9 Debug dumping expressions
However sophisticated modern development tools might be, just echoing stuff to
the console is still one of the easiest and quickest ways to debug a program.
But writing things like echo "foo: ", foo
for the hundredth time gets old
really fast. The dump
macro in the standard sugar module
helps with exactly that.
Make sure to check out the other useful additions the module introduces!
import sugar
var
a = 42
s = "frobnicate"
x = 7
dump(a)
dump(s)
dump(a + x)
# prints:
# a = 42
# s = frobnicate
# a + x = 49
10 Measuring elapsed time
Although you can use the regular times module to measure elapsed time, to do it properly you really need a monotonic timer. Such a thing has been added to the standard library recently in the form of std/monotimes.
import os
import std/monotimes
import times
proc durationToFloatMillis*(d: Duration): float64 =
inNanoseconds(d).float64 * 1e-6
let t0 = getMonoTime()
sleep(10) # do something for a while
let d = getMonoTime() - t0
echo durationToFloatMillis(d)
11 Dealing with openarrays
Openarrays
are a handy Nim feature that allow you to write procedures that can accept
either arrays or sequences through a unified openArray
type. What the
manual forgets to tell you though is that there’s a bunch of overloaded
toOpenArray
and
toOpenArrayByte
methods in the system module to help
create openarray “slices” from arrays, seqs, strings and (surprise!) other
openarrays.
One particularly useful function is this one that operates on UncheckedArrays—this is very useful for treating blocks of memory from C libraries as openarrays in your Nim code.
Speaking of the system module, it’s full of useful stuff that’s not mentioned anywhere in the documentation. Make sure to go through the function list once in a while, I’ll guarantee you’ll find something of interest every time.
III — The Crafty
12 Easy pointer manipulations
Sometimes you must resort to C-style pointer arithmetics (especially when interfacing with C libraries and data structures), and the type-safe nature of Nim doesn’t exactly make that easy. The following templates make such tasks a lot easier (of course, many other variants could be introduced; that’s an exercise for the reader).
template `++`[A](a: ptr A, offset: int): ptr A =
cast[ptr A](cast[int](a) + offset)
template `--`[A](a, b: ptr A): int =
cast[int](a) - cast[int](b)
13 Taming circular type dependencies
One of Nim’s Achilles' heels is the relative inflexibility of the module
system when dealing with circular type dependencies.
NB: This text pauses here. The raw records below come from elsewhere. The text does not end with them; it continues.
lemma abs_cont_on_subinterval:
  assumes "abs_cont_on a b h" "a \<le> c" "d \<le> b"
  shows "abs_cont_on c d h"
  using assms unfolding abs_cont_on_def by (smt (verit, ccfv_threshold))

lemma abs_cont_onE:
  assumes "abs_cont_on a b h" "e > 0"
  obtains d where "d > 0" "\<And>n u v. nonoverlapping_subintervals a b n u v \<Longrightarrow>
    (\<Sum>i<n. v i - u i) < d \<Longrightarrow> (\<Sum>i<n. \<bar>h (v i) - h (u i)\<bar>) < e"
  using assms unfolding abs_cont_on_iff by metis

lemma abs_cont_on_imp_continuous_on:
  assumes "abs_cont_on a b h"
  shows "continuous_on {a..b} h"
  unfolding continuous_on_iff
proof (intro ballI allI impI)
  fix x e :: real
  assume x: "x \<in> {a..b}" and "e > 0"
  obtain d where "d > 0" and d: "\<And>n u v. nonoverlapping_subintervals a b n u v \<Longrightarrow>
      (\<Sum>i<n. v i - u i) < d \<Longrightarrow> (\<Sum>i<n. \<bar>h (v i) - h (u i)\<bar>) < e"
    using abs_cont_onE[OF assms \<open>e > 0\<close>] by blast
  show "\<exists>d>0. \<forall>y\<in>{a..b}. dist y x < d \<longrightarrow> dist (h y) (h x) < e"
  proof (intro exI conjI ballI impI)
    fix y assume "y \<in> {a..b}" "dist y x < d"
    then have "(\<Sum>i<(1::nat). \<bar>h (max x y) - h (min x y)\<bar>) < e"
      using x by (intro d) (auto simp: nonoverlapping_subintervals_def dist_real_def)
    then show "dist (h y) (h x) < e"
      by (cases "x \<le> y") (auto simp: dist_real_def abs_minus_commute)
  qed (fact \<open>d > 0\<close>)
qed

lemma abs_cont_on_tagged_partial_division:
  assumes "abs_cont_on a b h" "e > 0"
  obtains \<delta> where "\<delta> > 0"
    "\<And>q. q tagged_partial_division_of {a..b} \<Longrightarrow> (\<Sum>(x, K)\<in>q. measure lborel K) < \<delta> \<Longrightarrow>
       (\<Sum>(x, K)\<in>q. \<bar>h (Sup K) - h (Inf K)\<bar>) < e"
proof -
  obtain \<delta> where "\<delta> > 0" and \<delta>: "\<And>n u v. nonoverlapping_subintervals a b n u v \<Longrightarrow>
      (\<Sum>i<n. v i - u i) < \<delta> \<Longrightarrow> (\<Sum>i<n. \<bar>h (v i) - h (u i)\<bar>) < e"
    using abs_cont_onE[OF assms] by blast
  show ?thesis
  proof (rule that[OF \<open>\<delta> > 0\<close>])
    fix q
    assume q: "q tagged_partial_division_of {a..b}" and small: "(\<Sum>(x, K)\<in>q. measure lborel K) < \<delta>"
    note qD = tagged_partial_division_ofD[OF q]
    obtain f where f: "bij_betw f {..<card q} q"
      using ex_bij_betw_nat_finite[OF qD(1)] lessThan_atLeast0 by metis
    then have fq: "f i \<in> q" if "i < card q" for i
      using that by (auto simp: bij_betw_def)
    define u where "u i = Inf (snd (f i))" for i
    define v where "v i = Sup (snd (f i))" for i
    have K: "snd (f i) = {u i..v i}" "a \<le> u i" "u i \<le> v i" "v i \<le> b" if "i < card q" for i
    proof -
      obtain x K where xK: "f i = (x, K)" by fastforce
      then have "(x, K) \<in> q" using fq[OF that] by simp
      moreover from qD(4)[OF this] obtain c d where "K = {c..d}" by auto
      ultimately have "x \<in> {c..d}" "{c..d} \<subseteq> {a..b}" "snd (f i) = {c..d}"
        using qD(2,3)[of x K] xK by auto
      then show "snd (f i) = {u i..v i}" "a \<le> u i" "u i \<le> v i" "v i \<le> b"
        by (auto simp: u_def v_def)
    qed
    have "(\<Sum>i<card q. \<bar>h (v i) - h (u i)\<bar>) < e"
    proof (rule \<delta>)
      have "{u i<..<v i} \<inter> {u j<..<v j} = {}" if "i < card q" "j < card q" "i \<noteq> j" for i j
      proof -
        from that have "f i \<noteq> f j" "f i \<in> q" "f j \<in> q"
          using f fq by (auto simp: bij_betw_def inj_on_def)
        then have "interior (snd (f i)) \<inter> interior (snd (f j)) = {}"
          using qD(5)[of "fst (f i)" "snd (f i)" "fst (f j)" "snd (f j)"] by simp
        with K[of i] K[of j] that show ?thesis
          by simp
      qed
      with K show "nonoverlapping_subintervals a b (card q) u v"
        by (auto simp: nonoverlapping_subintervals_def)
      show "(\<Sum>i<card q. v i - u i) < \<delta>"
        using small sum.reindex_bij_betw[OF f, of "\<lambda>(x, K). measure lborel K"] K by (simp add: split_beta)
    qed
    then show "(\<Sum>(x, K)\<in>q. \<bar>h (Sup K) - h (Inf K)\<bar>) < e"
      using sum.reindex_bij_betw[OF f, of "\<lambda>(x, K). \<bar>h (Sup K) - h (Inf K)\<bar>"]
      by (simp add: split_beta u_def v_def)
  qed
qed

lemma abs_cont_on_lipschitz_mult:
  fixes f \<phi> :: "real \<Rightarrow> real"
  assumes f: "abs_cont_on a b f" and \<phi>: "L-lipschitz_on {a..b} \<phi>"
  shows "abs_cont_on a b (\<lambda>x. \<phi> x * f x)"
proof -
  obtain B where "B \<ge> 0" and B: "\<And>x. x \<in> {a..b} \<Longrightarrow> \<bar>f x\<bar> \<le> B"
    using continuous_on_compact_bound[OF compact_Icc abs_cont_on_imp_continuous_on[OF f]] by auto
  obtain M where "M \<ge> 0" and M: "\<And>x. x \<in> {a..b} \<Longrightarrow> \<bar>\<phi> x\<bar> \<le> M"
    using continuous_on_compact_bound[OF compact_Icc lipschitz_on_continuous_on[OF \<phi>]] by auto
  have "L \<ge> 0"
    using lipschitz_on_nonneg[OF \<phi>] .
  have var: "\<bar>\<phi> v * f v - \<phi> u * f u\<bar> \<le> M * \<bar>f v - f u\<bar> + L * B * (v - u)"
    if "a \<le> u" "u \<le> v" "v \<le> b" for u v
  proof -
    have "\<phi> v * f v - \<phi> u * f u = \<phi> v * (f v - f u) + (\<phi> v - \<phi> u) * f u"
      by (simp add: algebra_simps)
    also have "\<bar>\<dots>\<bar> \<le> \<bar>\<phi> v\<bar> * \<bar>f v - f u\<bar> + \<bar>\<phi> v - \<phi> u\<bar> * \<bar>f u\<bar>"
      by (metis abs_mult abs_triangle_ineq)
    also have "\<dots> \<le> M * \<bar>f v - f u\<bar> + (L * (v - u)) * B"
      using lipschitz_onD[OF \<phi>, of v u] M[of v] B[of u] that \<open>L \<ge> 0\<close>
      by (intro add_mono mult_mono) (auto simp: dist_real_def)
    finally show ?thesis
      by (simp add: algebra_simps)
  qed
  show ?thesis
    unfolding abs_cont_on_iff
  proof (intro allI impI)
    fix e :: real assume "e > 0"
    define C where "C = M + L * B + 1"
    have "M + L * B \<ge> 0"
      using \<open>M \<ge> 0\<close> \<open>L \<ge> 0\<close> \<open>B \<ge> 0\<close> by simp
    then have "C > 0" "e / C > 0"
      using \<open>e > 0\<close> by (simp_all add: C_def)
    then obtain d where "d > 0" and d: "\<And>n u v. nonoverlapping_subintervals a b n u v \<Longrightarrow>
        (\<Sum>i<n. v i - u i) < d \<Longrightarrow> (\<Sum>i<n. \<bar>f (v i) - f (u i)\<bar>) < e / C"
      using abs_cont_onE[OF f] by blast
    show "\<exists>d>0. \<forall>n u v. nonoverlapping_subintervals a b n u v \<and> (\<Sum>i<n. v i - u i) < d \<longrightarrow>
        (\<Sum>i<n. \<bar>\<phi> (v i) * f (v i) - \<phi> (u i) * f (u i)\<bar>) < e"
    proof (intro exI conjI allI impI)
      show "min d (e / C) > 0"
        using \<open>d > 0\<close> \<open>e / C > 0\<close> by simp
      fix n u v
      assume H: "nonoverlapping_subintervals a b n u v \<and> (\<Sum>i<n. v i - u i) < min d (e / C)"
      then have "(\<Sum>i<n. \<bar>f (v i) - f (u i)\<bar>) \<le> e / C" "(\<Sum>i<n. v i - u i) \<le> e / C"
        using d[of n u v] by auto
      have "(\<Sum>i<n. \<bar>\<phi> (v i) * f (v i) - \<phi> (u i) * f (u i)\<bar>)
          \<le> (\<Sum>i<n. M * \<bar>f (v i) - f (u i)\<bar> + L * B * (v i - u i))"
        using H var by (intro sum_mono) (auto simp: nonoverlapping_subintervals_def)
      also have "\<dots> = M * (\<Sum>i<n. \<bar>f (v i) - f (u i)\<bar>) + L * B * (\<Sum>i<n. v i - u i)"
        by (simp add: sum.distrib sum_distrib_left)
      also have "\<dots> \<le> M * (e / C) + L * B * (e / C)"
        using \<open>M \<ge> 0\<close> \<open>L \<ge> 0\<close> \<open>B \<ge> 0\<close> \<open>(\<Sum>i<n. \<bar>f (v i) - f (u i)\<bar>) \<le> e / C\<close>
          \<open>(\<Sum>i<n. v i - u i) \<le> e / C\<close>
        by (intro add_mono mult_left_mono) auto
      also have "\<dots> = (M + L * B) * (e / C)"
        by (simp add: algebra_simps)
      also have "\<dots> < C * (e / C)"
        using \<open>e / C > 0\<close> by (intro mult_strict_right_mono) (simp_all add: C_def)
      also have "\<dots> = e"
        using \<open>C > 0\<close> by simp
      finally show "(\<Sum>i<n. \<bar>\<phi> (v i) * f (v i) - \<phi> (u i) * f (u i)\<bar>) < e" .
    qed
  qed
qed

lemma sum_content_le_measure:
  fixes G :: "'a::euclidean_space set"
  assumes q: "q tagged_partial_division_of S"
    and sub: "\<And>x K. (x, K) \<in> q \<Longrightarrow> K \<subseteq> G" and G: "G \<in> lmeasurable"
  shows "(\<Sum>(x, K)\<in>q. measure lborel K) \<le> measure lebesgue G"
proof -
  note qD = tagged_partial_division_ofD[OF q]
  have box: "\<exists>c d. snd i = cbox c d" if "i \<in> q" for i
    using qD(4)[of "fst i" "snd i"] that by simp
  then have lmeas: "snd i \<in> lmeasurable" if "i \<in> q" for i
    using that by fastforce
  have "pairwise (\<lambda>i j. negligible (snd i \<inter> snd j)) q"
  proof (rule pairwiseI)
    fix i j assume ij: "i \<in> q" "j \<in> q" "i \<noteq> j"
    then have "interior (snd i) \<inter> interior (snd j) = {}"
      using qD(5)[of "fst i" "snd i" "fst j" "snd j"] by simp
    moreover obtain c d c' d' where "snd i = cbox c d" "snd j = cbox c' d'"
      using box ij by metis
    ultimately have "snd i \<inter> snd j \<subseteq> (cbox c d - box c d) \<union> (cbox c' d' - box c' d')"
      by auto
    then show "negligible (snd i \<inter> snd j)"
      by (rule negligible_subset[rotated]) (simp add: negligible_frontier_interval)
  qed
  have "(\<Sum>(x, K)\<in>q. measure lborel K) = (\<Sum>i\<in>q. measure lebesgue (snd i))"
  proof (rule sum.cong[OF refl])
    fix i assume "i \<in> q"
    then obtain c d where "snd i = cbox c d"
      using box by blast
    then show "(case i of (x, K) \<Rightarrow> measure lborel K) = measure lebesgue (snd i)"
      by (simp add: split_beta)
  qed
  also have "\<dots> = measure lebesgue (\<Union>(snd ` q))"
    using measure_negligible_finite_Union_image[OF qD(1) lmeas \<open>pairwise _ q\<close>] by simp
  also have "\<dots> \<le> measure lebesgue G"
  proof (rule measure_mono_fmeasurable[OF _ _ G])
    show "\<Union>(snd ` q) \<subseteq> G"
      using sub by fastforce
    show "\<Union>(snd ` q) \<in> sets lebesgue"
      using lmeas qD(1) by auto
  qed
  finally show ?thesis .
qed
In a project of
sufficient complexity, where you break up your code into multiple submodules,
you’ll hit this issue sooner or later almost invariably. Long story
short,
the best workaround is to create a common
module early on that
contains all such circular type definitions. Then you can just include this
common module in all other submodules.
The biggest drawback of this approach is that everything defined in common must be public. But hey, who told you that there’s anything perfect in this world?
14 ‘with’ macro
The tiny with macro is super useful for reducing redundancy by lifting parts of an object or tuple into the current scope. Probably easier to show than to explain:
import with
type
Widget = object
backgroundColor: string
foregroundColor: string
Window = object
title: string
inputField: Widget
# Without `with`
var mainWindow = Window()
mainWindow.inputField.backgroundColor = "black"
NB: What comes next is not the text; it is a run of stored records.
lemma weighted_kernel_sum_le:
  fixes g :: "real \<Rightarrow> real"
  assumes "\<And>s. 0 \<le> s \<Longrightarrow> g s \<le> K" "\<And>s. 0 < s \<Longrightarrow> g s \<le> K * s powr (-a)"
    and "0 \<le> K" "0 \<le> a" "0 \<le> \<gamma>" "0 < eta0" "1 \<le> B"
    and "2 powr (\<gamma>+1) * (\<gamma>+1) * real N powr \<gamma> \<le> eta0 * B powr (\<gamma>+1)"
  shows "(\<Sum>i<N. (step_size eta0 \<gamma> N i)\<^sup>2 * g (sched_time eta0 \<gamma> N N - sched_time eta0 \<gamma> N (Suc i)))
           \<le> K * eta0\<^sup>2 * (\<Sum>l<N. (real (Suc l) / real N) powr (2*\<gamma>)
                                   * min 1 ((real (Suc l) / B) powr (-((\<gamma>+1) * a))))"
proof -
  have "(\<Sum>i<N. (step_size eta0 \<gamma> N i)\<^sup>2 * g (sched_time eta0 \<gamma> N N - sched_time eta0 \<gamma> N (Suc i)))
      = (\<Sum>l<N. (step_size eta0 \<gamma> N (N - Suc l))\<^sup>2
                 * g (sched_time eta0 \<gamma> N N - sched_time eta0 \<gamma> N (Suc (N - Suc l))))"
    by (rule sum.nat_diff_reindex[symmetric])
  also have "\<dots> \<le> (\<Sum>l<N. K * eta0\<^sup>2 * ((real (Suc l) / real N) powr (2*\<gamma>)
                                   * min 1 ((real (Suc l) / B) powr (-((\<gamma>+1) * a)))))"
  proof (intro sum_mono)
    fix l assume "l \<in> {..<N}"
    then have "l < N" "Suc (N - Suc l) = N - l"
      by auto
    have sq: "(step_size eta0 \<gamma> N (N - Suc l))\<^sup>2 = eta0\<^sup>2 * (real (Suc l) / real N) powr (2*\<gamma>)"
      using \<open>l < N\<close> by (simp add: step_size_rev power_mult_distrib powr_power)
    have "g (sched_time eta0 \<gamma> N N - sched_time eta0 \<gamma> N (Suc (N - Suc l)))
        \<le> K * min 1 ((real (Suc l) / B) powr (-((\<gamma>+1) * a)))"
      unfolding \<open>Suc (N - Suc l) = N - l\<close> by (rule kernel_at_remaining_time_le[OF assms \<open>l < N\<close>])
    then have "(step_size eta0 \<gamma> N (N - Suc l))\<^sup>2
                 * g (sched_time eta0 \<gamma> N N - sched_time eta0 \<gamma> N (Suc (N - Suc l)))
               \<le> (step_size eta0 \<gamma> N (N - Suc l))\<^sup>2
                   * (K * min 1 ((real (Suc l) / B) powr (-((\<gamma>+1) * a))))"
      by (rule mult_left_mono) simp
    also have "\<dots> = K * eta0\<^sup>2 * ((real (Suc l) / real N) powr (2*\<gamma>)
                   * min 1 ((real (Suc l) / B) powr (-((\<gamma>+1) * a))))"
      unfolding sq by (simp only: mult_ac)
    finally show "(step_size eta0 \<gamma> N (N - Suc l))\<^sup>2
                 * g (sched_time eta0 \<gamma> N N - sched_time eta0 \<gamma> N (Suc (N - Suc l)))
               \<le> K * eta0\<^sup>2 * ((real (Suc l) / real N) powr (2*\<gamma>)
                   * min 1 ((real (Suc l) / B) powr (-((\<gamma>+1) * a))))" .
  qed
  also have "\<dots> = K * eta0\<^sup>2 * (\<Sum>l<N. (real (Suc l) / real N) powr (2*\<gamma>)
                                   * min 1 ((real (Suc l) / B) powr (-((\<gamma>+1) * a))))"
    by (rule sum_distrib_left[symmetric])
  finally show ?thesis .
qed

section \<open>The noise term\<close>

lemma noise_term_eq:
  "noise_term lam eta0 \<gamma> N
     = (\<Sum>i<N. (step_size eta0 \<gamma> N i)\<^sup>2
          * noise_kernel lam (sched_time eta0 \<gamma> N N - sched_time eta0 \<gamma> N (Suc i)))"
  by (simp add: noise_term_def noise_kernel_def)

lemma schedule_scale_bounds:
  assumes "0 < eta0" "eta0 \<le> E" "1 \<le> N" "0 \<le> \<gamma>" "2 powr (\<gamma>+1) * (\<gamma>+1) \<le> E"
  defines "B \<equiv> real N * (E / (eta0 * real N)) powr (1/(\<gamma>+1))"
  shows "1 \<le> B" and "2 powr (\<gamma>+1) * (\<gamma>+1) * real N powr \<gamma> \<le> eta0 * B powr (\<gamma>+1)"
proof -
  have "0 < E" "0 < B"
    using assms by (auto simp: B_def)
  have B_pow: "eta0 * B powr (\<gamma>+1) = E * real N powr \<gamma>"
  proof -
    have "B powr (\<gamma>+1) = real N powr (\<gamma>+1) * (E / (eta0 * real N))"
      using assms \<open>0 < E\<close> by (simp add: B_def powr_mult powr_powr)
    then show ?thesis
      using assms by (simp add: powr_add)
  qed
  have "eta0 \<le> E * 1"
    using assms(2) by simp
  also have "\<dots> \<le> E * real N powr \<gamma>"
    using assms \<open>0 < E\<close> by (intro mult_left_mono ge_one_powr_ge_zero) auto
  finally have "1 \<le> E * real N powr \<gamma> / eta0"
    using assms by (simp add: pos_le_divide_eq)
  also have "\<dots> = B powr (\<gamma>+1)"
    using B_pow assms by (simp add: field_simps)
  finally have "1 powr (1/(\<gamma>+1)) \<le> (B powr (\<gamma>+1)) powr (1/(\<gamma>+1))"
    using assms by (intro powr_mono2) auto
  then show "1 \<le> B"
    using assms \<open>0 < B\<close> by (simp add: powr_powr)
  show "2 powr (\<gamma>+1) * (\<gamma>+1) * real N powr \<gamma> \<le> eta0 * B powr (\<gamma>+1)"
    unfolding B_pow using assms(5) by (intro mult_right_mono) auto
qed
mainWindow.inputField.foregroundColor = "red"
# Using `with`
with mainWindow.inputField:
backgroundColor = "black"
foregroundColor = "red"
# You can nest it too!
with mainWindow:
title = "Qux"
with inputField:
backgroundColor = "black"
foregroundColor = "red"
15 Aliases
Even when armed with the above macro, often there’s a need to set up some aliases (references) to some parts of a nested object hierarchy to improve readability. This comes up quite often in real-world application and UI programming. Consider the following:
var g_app: AppContext
g_app.doc.map.levels[g_app.doc.currLevel].setFloor(row, col, fEmpty)
Now imagine that most of the program basically operates on this app context in
some way or another. It all becomes horribly redundant and unreadable pretty
quickly. And you can’t set up C++ style references because of Nim’s copy
semantics (unless you keep using ref object
s everywhere, which is not always
the best choice).
Alias template to the rescue!
template alias*(newName: untyped, call: untyped) =
template newName(): untyped = call
alias(doc, g_app.doc)
alias(map, doc.map)
map.levels[doc.currLevel].setFloor(row, col, fEmpty)
That’s much more readable! (Of course, normally you would use those aliases more than just once or twice like in this simple example.)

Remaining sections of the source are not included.